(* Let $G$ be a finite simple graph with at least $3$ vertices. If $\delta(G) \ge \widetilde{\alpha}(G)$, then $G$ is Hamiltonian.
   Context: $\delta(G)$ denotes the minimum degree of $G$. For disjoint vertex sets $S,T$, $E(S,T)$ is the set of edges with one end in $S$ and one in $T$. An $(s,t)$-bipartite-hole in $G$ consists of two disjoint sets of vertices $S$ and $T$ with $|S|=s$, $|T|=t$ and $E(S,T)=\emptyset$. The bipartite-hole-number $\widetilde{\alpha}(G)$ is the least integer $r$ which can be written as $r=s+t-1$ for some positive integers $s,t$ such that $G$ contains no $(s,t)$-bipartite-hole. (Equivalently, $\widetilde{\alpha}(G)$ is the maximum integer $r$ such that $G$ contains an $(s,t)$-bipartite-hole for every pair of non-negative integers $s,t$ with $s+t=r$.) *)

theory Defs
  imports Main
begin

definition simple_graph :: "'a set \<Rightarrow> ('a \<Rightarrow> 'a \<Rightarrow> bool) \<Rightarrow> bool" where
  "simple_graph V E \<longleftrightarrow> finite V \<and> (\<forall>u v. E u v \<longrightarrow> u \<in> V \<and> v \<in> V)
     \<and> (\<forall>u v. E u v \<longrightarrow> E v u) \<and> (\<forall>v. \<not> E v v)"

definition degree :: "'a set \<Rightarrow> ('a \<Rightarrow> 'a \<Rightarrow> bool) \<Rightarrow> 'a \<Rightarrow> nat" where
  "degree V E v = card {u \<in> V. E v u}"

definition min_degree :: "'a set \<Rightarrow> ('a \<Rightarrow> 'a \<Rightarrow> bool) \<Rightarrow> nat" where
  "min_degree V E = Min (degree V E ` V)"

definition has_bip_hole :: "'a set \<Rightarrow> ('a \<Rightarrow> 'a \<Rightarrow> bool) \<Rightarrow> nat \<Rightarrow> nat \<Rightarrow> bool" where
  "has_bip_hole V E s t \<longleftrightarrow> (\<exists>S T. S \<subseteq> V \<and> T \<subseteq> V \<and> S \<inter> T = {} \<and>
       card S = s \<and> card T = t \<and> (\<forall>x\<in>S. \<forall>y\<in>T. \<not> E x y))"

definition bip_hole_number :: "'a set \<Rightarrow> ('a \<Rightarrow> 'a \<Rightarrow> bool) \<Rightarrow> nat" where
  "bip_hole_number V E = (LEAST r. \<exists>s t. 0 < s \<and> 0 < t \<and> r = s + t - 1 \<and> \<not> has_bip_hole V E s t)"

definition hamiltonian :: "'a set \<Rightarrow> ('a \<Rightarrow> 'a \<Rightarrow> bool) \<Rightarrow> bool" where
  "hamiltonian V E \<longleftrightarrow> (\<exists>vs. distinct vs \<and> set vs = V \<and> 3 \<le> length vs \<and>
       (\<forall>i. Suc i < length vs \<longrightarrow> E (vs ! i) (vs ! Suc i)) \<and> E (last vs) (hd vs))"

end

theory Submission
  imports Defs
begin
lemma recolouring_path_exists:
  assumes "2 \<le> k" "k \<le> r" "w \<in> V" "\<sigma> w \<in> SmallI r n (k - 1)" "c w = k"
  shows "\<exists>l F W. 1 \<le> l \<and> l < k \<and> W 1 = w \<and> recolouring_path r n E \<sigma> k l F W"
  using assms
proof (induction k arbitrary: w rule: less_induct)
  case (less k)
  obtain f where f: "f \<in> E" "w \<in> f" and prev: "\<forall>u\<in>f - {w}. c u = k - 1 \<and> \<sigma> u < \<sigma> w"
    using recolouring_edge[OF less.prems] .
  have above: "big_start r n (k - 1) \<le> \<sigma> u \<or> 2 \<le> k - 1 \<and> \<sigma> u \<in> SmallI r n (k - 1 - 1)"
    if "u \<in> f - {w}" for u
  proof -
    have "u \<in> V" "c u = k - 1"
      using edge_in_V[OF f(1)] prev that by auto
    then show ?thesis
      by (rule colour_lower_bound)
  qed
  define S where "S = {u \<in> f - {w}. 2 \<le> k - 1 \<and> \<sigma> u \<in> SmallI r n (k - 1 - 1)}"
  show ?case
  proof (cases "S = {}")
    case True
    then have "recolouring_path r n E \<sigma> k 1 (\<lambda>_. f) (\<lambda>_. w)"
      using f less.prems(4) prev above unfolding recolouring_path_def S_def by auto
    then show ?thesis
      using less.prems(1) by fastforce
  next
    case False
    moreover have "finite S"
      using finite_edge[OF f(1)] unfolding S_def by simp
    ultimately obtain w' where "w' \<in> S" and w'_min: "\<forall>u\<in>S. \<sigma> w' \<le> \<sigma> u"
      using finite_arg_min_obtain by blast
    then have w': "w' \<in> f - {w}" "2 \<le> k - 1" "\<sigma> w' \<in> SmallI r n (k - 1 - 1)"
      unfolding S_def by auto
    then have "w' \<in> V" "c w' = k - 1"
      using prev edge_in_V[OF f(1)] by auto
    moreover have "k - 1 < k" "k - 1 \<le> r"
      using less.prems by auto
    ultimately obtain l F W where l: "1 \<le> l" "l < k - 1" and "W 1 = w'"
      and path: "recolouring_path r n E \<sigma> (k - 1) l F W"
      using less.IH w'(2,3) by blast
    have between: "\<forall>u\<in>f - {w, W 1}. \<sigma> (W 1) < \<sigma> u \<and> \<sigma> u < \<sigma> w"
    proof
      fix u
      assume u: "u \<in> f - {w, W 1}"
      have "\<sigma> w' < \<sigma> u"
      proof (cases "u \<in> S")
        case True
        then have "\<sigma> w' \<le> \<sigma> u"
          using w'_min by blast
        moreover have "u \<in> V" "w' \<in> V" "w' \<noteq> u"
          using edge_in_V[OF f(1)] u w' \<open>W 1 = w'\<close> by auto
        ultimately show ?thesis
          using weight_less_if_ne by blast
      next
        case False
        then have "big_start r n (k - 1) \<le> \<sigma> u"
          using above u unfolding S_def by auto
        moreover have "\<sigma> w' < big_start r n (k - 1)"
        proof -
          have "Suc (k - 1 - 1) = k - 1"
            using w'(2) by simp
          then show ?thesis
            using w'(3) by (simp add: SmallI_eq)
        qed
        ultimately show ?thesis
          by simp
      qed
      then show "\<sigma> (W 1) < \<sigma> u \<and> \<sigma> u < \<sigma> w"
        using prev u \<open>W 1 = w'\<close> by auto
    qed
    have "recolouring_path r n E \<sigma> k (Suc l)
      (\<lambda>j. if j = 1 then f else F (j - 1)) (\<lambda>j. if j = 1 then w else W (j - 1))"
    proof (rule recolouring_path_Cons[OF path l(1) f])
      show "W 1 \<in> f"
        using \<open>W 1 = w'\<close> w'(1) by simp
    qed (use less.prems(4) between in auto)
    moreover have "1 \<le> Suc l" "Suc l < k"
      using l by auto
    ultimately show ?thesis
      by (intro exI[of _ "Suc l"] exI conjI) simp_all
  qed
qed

-=-=-=-=-

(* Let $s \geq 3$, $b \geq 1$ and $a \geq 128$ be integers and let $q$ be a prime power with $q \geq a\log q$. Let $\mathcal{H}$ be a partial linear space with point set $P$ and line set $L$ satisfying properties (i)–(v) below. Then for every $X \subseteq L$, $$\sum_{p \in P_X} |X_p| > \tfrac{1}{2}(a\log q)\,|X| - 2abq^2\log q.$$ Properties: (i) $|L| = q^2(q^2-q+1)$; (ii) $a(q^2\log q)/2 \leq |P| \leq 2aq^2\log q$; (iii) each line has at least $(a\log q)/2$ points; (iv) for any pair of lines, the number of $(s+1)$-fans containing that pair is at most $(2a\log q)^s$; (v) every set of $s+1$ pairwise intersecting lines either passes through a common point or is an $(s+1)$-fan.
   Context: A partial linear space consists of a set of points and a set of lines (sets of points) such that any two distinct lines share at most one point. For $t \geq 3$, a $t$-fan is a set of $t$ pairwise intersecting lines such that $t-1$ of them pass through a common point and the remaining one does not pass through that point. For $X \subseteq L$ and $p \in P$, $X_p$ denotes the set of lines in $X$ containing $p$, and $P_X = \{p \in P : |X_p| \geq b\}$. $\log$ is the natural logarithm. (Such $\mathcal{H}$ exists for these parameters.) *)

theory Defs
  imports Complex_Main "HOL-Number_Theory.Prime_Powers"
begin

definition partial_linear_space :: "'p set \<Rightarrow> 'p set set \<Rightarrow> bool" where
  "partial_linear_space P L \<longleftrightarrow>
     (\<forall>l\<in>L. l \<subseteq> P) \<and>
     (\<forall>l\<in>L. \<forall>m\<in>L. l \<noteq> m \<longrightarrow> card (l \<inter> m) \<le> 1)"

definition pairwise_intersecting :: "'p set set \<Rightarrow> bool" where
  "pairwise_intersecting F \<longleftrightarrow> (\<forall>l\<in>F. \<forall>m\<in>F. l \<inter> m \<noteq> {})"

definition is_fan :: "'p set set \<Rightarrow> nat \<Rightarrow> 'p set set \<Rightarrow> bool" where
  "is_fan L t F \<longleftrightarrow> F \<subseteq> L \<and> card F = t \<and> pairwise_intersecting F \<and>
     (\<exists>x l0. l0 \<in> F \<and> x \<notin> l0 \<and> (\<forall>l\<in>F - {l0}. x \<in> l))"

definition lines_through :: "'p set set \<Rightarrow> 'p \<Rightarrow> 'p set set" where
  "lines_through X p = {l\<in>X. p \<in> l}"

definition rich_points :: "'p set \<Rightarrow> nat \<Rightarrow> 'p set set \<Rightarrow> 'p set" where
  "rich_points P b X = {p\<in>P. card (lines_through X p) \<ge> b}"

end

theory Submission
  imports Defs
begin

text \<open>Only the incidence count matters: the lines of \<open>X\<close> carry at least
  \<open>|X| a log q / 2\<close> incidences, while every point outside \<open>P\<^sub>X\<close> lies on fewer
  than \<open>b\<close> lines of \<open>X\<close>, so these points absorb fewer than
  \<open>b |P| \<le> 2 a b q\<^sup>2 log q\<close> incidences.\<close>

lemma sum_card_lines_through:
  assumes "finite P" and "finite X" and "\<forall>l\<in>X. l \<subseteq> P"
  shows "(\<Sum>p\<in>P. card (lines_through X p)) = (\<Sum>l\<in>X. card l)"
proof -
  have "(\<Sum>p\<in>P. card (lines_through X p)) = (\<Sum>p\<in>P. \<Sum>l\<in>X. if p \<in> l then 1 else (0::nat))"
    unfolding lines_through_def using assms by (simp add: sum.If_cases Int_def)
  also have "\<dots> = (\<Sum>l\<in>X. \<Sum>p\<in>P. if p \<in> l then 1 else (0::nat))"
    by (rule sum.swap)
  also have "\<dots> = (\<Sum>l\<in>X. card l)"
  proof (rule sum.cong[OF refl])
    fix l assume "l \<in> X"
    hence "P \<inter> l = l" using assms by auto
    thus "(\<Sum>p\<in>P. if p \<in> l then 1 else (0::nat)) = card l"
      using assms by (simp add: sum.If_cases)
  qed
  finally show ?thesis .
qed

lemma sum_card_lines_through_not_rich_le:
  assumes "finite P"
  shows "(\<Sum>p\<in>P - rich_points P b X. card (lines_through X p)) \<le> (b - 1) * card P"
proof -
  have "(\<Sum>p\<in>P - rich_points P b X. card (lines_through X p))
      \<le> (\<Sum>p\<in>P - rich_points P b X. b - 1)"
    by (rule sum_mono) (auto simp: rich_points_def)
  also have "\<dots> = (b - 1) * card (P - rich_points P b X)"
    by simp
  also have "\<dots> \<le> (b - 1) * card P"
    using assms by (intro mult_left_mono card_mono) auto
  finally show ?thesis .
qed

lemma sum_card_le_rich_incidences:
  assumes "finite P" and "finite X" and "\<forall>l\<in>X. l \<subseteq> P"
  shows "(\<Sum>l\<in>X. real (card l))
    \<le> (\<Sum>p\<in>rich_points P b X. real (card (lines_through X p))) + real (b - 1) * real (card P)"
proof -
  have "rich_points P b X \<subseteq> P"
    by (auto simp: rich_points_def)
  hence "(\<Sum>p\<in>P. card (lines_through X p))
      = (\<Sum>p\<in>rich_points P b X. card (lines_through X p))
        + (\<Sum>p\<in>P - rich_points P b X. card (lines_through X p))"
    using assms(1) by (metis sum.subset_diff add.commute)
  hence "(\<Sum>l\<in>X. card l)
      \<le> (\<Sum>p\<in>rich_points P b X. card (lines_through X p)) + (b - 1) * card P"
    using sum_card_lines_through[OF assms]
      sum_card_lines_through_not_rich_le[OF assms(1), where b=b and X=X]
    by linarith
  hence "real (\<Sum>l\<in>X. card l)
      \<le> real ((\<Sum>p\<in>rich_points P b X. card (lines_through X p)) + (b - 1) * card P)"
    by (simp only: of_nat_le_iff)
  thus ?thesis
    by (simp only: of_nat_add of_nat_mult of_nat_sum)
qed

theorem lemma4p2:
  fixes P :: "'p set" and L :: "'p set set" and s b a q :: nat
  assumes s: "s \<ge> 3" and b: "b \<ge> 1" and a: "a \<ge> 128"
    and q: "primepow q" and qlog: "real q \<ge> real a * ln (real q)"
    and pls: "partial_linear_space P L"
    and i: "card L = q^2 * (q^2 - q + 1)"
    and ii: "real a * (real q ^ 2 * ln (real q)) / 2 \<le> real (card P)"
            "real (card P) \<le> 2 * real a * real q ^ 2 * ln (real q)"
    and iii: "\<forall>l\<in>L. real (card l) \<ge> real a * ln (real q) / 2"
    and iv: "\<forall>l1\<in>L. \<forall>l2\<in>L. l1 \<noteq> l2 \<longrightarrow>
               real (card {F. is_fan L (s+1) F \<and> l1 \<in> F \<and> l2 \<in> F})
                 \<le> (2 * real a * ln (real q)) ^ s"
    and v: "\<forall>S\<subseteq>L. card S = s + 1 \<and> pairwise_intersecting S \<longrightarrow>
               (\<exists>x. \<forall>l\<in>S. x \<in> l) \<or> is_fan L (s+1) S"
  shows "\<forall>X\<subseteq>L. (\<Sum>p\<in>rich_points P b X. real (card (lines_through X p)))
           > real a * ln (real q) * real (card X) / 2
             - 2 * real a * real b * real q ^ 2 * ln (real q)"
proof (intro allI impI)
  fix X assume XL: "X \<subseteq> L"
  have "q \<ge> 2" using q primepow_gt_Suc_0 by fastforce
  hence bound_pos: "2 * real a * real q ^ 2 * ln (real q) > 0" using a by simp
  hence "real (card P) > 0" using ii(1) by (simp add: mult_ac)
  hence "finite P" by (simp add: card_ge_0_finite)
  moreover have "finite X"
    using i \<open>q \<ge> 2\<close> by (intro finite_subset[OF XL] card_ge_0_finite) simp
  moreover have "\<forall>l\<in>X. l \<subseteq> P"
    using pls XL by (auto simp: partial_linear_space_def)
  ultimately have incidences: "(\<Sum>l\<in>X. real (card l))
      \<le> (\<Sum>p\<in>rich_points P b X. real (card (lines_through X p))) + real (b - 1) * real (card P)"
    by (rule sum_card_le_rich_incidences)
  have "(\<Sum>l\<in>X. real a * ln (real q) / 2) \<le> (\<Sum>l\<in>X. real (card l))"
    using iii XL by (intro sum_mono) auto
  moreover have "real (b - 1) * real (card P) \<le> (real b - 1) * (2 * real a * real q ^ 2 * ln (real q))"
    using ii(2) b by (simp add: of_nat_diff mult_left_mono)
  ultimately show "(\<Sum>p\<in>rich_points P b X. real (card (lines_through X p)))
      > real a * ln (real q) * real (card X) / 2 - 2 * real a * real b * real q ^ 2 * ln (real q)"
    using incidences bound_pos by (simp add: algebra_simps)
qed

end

-=-=-=-=-

• About this task
The answer must consist of each line from the entries that contains the string "vertices".

• Reply
(* Let $G$ be a finite simple graph with at least $3$ vertices. If $\delta(G) \ge \widetilde{\alpha}(G)$, then $G$ is Hamiltonian.
   Context: $\delta(G)$ denotes the minimum degree of $G$. For disjoint vertex sets $S,T$, $E(S,T)$ is the set of edges with one end in $S$ and one in $T$. An $(s,t)$-bipartite-hole in $G$ consists of two disjoint sets of vertices $S$ and $T$ with $|S|=s$, $|T|=t$ and $E(S,T)=\emptyset$. The bipartite-hole-number $\widetilde{\alpha}(G)$ is the least integer $r$ which can be written as $r=s+t-1$ for some positive integers $s,t$ such that $G$ contains no $(s,t)$-bipartite-hole. (Equivalently, $\widetilde{\alpha}(G)$ is the maximum integer $r$ such that $G$ contains an $(s,t)$-bipartite-hole for every pair of non-negative integers $s,t$ with $s+t=r$.) *)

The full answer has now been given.